Collection entries =
________________

(* Under the setting of Algorithm 2 with $f\in\mathcal{H}_k$ and invertible kernel matrices, let $X_n=(x_{(n-1)L+1},\dots,x_{nL})$ be the batch selected at round $n$ and $x^*\in\arg\max_{\mathcal{X}}f$. Then $$\frac1L\sum_{i=1}^L\big(f(x^* )-f(x_{(n-1)L+i})\big)\le2\|f\|_{\mathcal{H}_k}\sqrt{\frac{\operatorname{tr}(\operatorname{cov}_{n-1}(X_n,X_n))}{L}}.$$
   Context: Algorithm 2: $X_n$ maximizes over $X=(z_1,\dots,z_L)\in\mathcal{X}^L$ the quantity $\frac1L\sum_i m_{(n-1)L}(z_i)+\|f\|_{\mathcal{H}_k}\big(2\sqrt{\operatorname{tr}(\operatorname{cov}_{n-1}(X,X))/L}-\sqrt{\mathbf 1^T\operatorname{cov}_{n-1}(X,X)\mathbf 1/L^2}\big)$. Here $m_t(x)=\mathbf{k}_t(x)^T\mathbf{K}_t^{-1}\mathbf{f}_t$ with $\mathbf{k}_t(x)=[k(x,x_i)]_{i\le t}$, $\mathbf{K}_t=[k(x_i,x_j)]_{i,j\le t}$, $\mathbf{f}_t=[f(x_i)]_{i\le t}$; $\overline X_n=\{x_1,\dots,x_{nL}\}$; $\operatorname{cov}_n(X,X)=\mathbf{K}(X,X)-\mathbf{K}(\overline X_n,X)^T\mathbf{K}(\overline X_n,\overline X_n)^{-1}\mathbf{K}(\overline X_n,X)$, $\operatorname{cov}_0=\mathbf{K}(X,X)$. *)

theory Defs
  imports "HOL-Analysis.Analysis" "Jordan_Normal_Form.Matrix"
begin

text \<open>An RKHS for a kernel k on 'a is represented by a real Hilbert space 'h together with
  the canonical feature map Phi, Phi x = k(x,.), such that k x y = <Phi x, Phi y> and the
  evaluation map h |-> (\<lambda>x. <h, Phi x>) identifying elements of 'h with functions is injective
  (i.e. 'h really is a space of functions on 'a).\<close>

definition is_rkhs :: "('a \<Rightarrow> 'a \<Rightarrow> real) \<Rightarrow> ('a \<Rightarrow> 'h::{real_inner,complete_space}) \<Rightarrow> bool" where
  "is_rkhs k Phi \<longleftrightarrow> (\<forall>x y. k x y = inner (Phi x) (Phi y))
      \<and> inj (\<lambda>h. (\<lambda>x. inner h (Phi x)))"
(* Assume the setting in the context. Let $x_i,x_j,x_k\in X$ be distinct, and assume $x_k$ is neither a parent of $x_i$ nor a parent of $x_j$. If there exist $G_1,G_2\in\mathcal G$, $M\subseteq X\setminus\{x_i\}$ and $N\subseteq X\setminus\{x_i,x_j,x_k\}$ with $x_i-G_1(M)\perp\!\!\!\perp x_j-G_2(N\cup\{x_k\})$, then there exist $G_1',G_2'\in\mathcal G$, $M'\subseteq X\setminus\{x_i\}$ and $N'\subseteq X\setminus\{x_i,x_j,x_k\}$ with $x_i-G_1'(M')\perp\!\!\!\perp x_j-G_2'(N')$.
   Context: Model: $X$ is a finite set of observed random variables and $U$ a finite set of unobserved random variables; $V=X\cup U$ and $G=(V,E)$ is a DAG on $V$. Each $v_i\in V$ satisfies $v_i=\sum_{x_j\in \mathrm{pa}(v_i)\cap X} f^{(i)}_j(x_j)+\sum_{u_k\in\mathrm{pa}(v_i)\cap U} f^{(i)}_k(u_k)+n_i$, where the $f$'s are nonlinear functions and the external noises $n_i$ are jointly independent. "Parent", "ancestor", "path", "d-separation" refer to $G$ (a path has distinct vertices). Causal Faithfulness Condition (CFC): any conditional independence among variables of $V$ that is not entailed by d-separation in $G$ does not hold. $\perp\!\!\!\perp$ denotes statistical independence, $\not\perp\!\!\!\perp$ dependence. Function class: $\mathcal G$ is a class of generalized additive functions: for $G\in\mathcal G$ and a set $M$ of observed variables, $G(M)=\sum_{x_m\in M} g_m(x_m)$ (with $G(\emptyset)=0$). It satisfies: for any $x_i,x_j\in X$, sets $M,N\subseteq X$, $G_1,G_2\in\mathcal G$ and external noise $n_k$, if $n_k\not\perp\!\!\!\perp x_i-G_1(M)$ and $n_k\not\perp\!\!\!\perp x_j-G_2(N)$ then $x_i-G_1(M)\not\perp\!\!\!\perp x_j-G_2(N)$. Definitions, for $X'\subseteq X$ and $x_i,x_j\in X'$: an unobserved causal path (UCP) from $x_i$ to $x_j$ w.r.t. $X'$ is a directed path $x_i\to\cdots\to v_k\to x_j$ in $G$ with $v_k\notin X'$; an unobserved backdoor path (UBP) between $x_i$ and $x_j$ w.r.t. $X'$ is a path $x_i\leftarrow v_k\leftarrow\cdots\leftarrow v\to\cdots\to v_l\to x_j$ with $v_k,v_l\notin X'$ (allowing $v=v_k$, $v=v_l$, or $v=v_k=v_l$; $v$ may be in $X'$). "UBP/UCP between $x_i$ and $x_j$" means a UBP or a UCP in either direction. $x_j$ is a visible parent of $x_i$ w.r.t. $X'$ if $x_j$ is a parent of $x_i$ and there is no UBP/UCP between them w.r.t. $X'$; $(x_i,x_j)$ is a visible non-edge w.r.t. $X'$ if there is no edge between them and no UBP/UCP between them w.r.t. $X'$; $(x_i,x_j)$ is invisible w.r.t. $X'$ if there is a UBP/UCP between them w.r.t. $X'$. When $X'$ is omitted, $X'=X$. Standing facts (taken as known), for $X'\subseteq X$ and distinct $x_i,x_j\in X'$: (F1) $x_j$ is a visible parent of $x_i$ w.r.t. $X'$ iff [for all $G_1,G_2\in\mathcal G$, $M\subseteq X'\setminus\{x_i,x_j\}$, $N\subseteq X'\setminus\{x_j\}$: $x_i-G_1(M)\not\perp\!\!\!\perp x_j-G_2(N)$] and [there exist $G_1,G_2\in\mathcal G$, $M\subseteq X'\setminus\{x_i\}$, $N\subseteq X'\setminus\{x_i,x_j\}$ with $x_i-G_1(M)\perp\!\!\!\perp x_j-G_2(N)$]. (F2) $(x_i,x_j)$ is a visible non-edge w.r.t. $X'$ iff there exist $G_1,G_2\in\mathcal G$ and $M,N\subseteq X'\setminus\{x_i,x_j\}$ with $x_i-G_1(M)\perp\!\!\!\perp x_j-G_2(N)$. (F3) $(x_i,x_j)$ is invisible w.r.t. $X'$ iff for all $M\subseteq X'\setminus\{x_i\}$, $N\subseteq X'\setminus\{x_j\}$, $G_1,G_2\in\mathcal G$: $x_i-G_1(M)\not\perp\!\!\!\perp x_j-G_2(N)$. *)

theory Defs
  imports "HOL-Probability.Probability"
begin

definition is_dag :: "'v set \<Rightarrow> ('v \<times> 'v) set \<Rightarrow> bool" where
  "is_dag V E \<longleftrightarrow> finite V \<and> E \<subseteq> V \<times> V \<and> acyclic E"

definition pa :: "('v \<times> 'v) set \<Rightarrow> 'v \<Rightarrow> 'v set" where
  "pa E v = {u. (u, v) \<in> E}"

definition dirpath :: "('v \<times> 'v) set \<Rightarrow> 'v list \<Rightarrow> bool" where
  "dirpath E p \<longleftrightarrow> p \<noteq> [] \<and> distinct p \<and> (\<forall>t. Suc t < length p \<longrightarrow> (p ! t, p ! Suc t) \<in> E)"

definition skelpath :: "('v \<times> 'v) set \<Rightarrow> 'v list \<Rightarrow> bool" where
  "skelpath E p \<longleftrightarrow> p \<noteq> [] \<and> distinct p \<and>
     (\<forall>t. Suc t < length p \<longrightarrow> (p ! t, p ! Suc t) \<in> E \<or> (p ! Suc t, p ! t) \<in> E)"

________________

WHAT THE TASK ASKS = Nothing but a number is expected: how many lines in the data above hold the word "longleftrightarrow".

YOUR RESPONSE = 4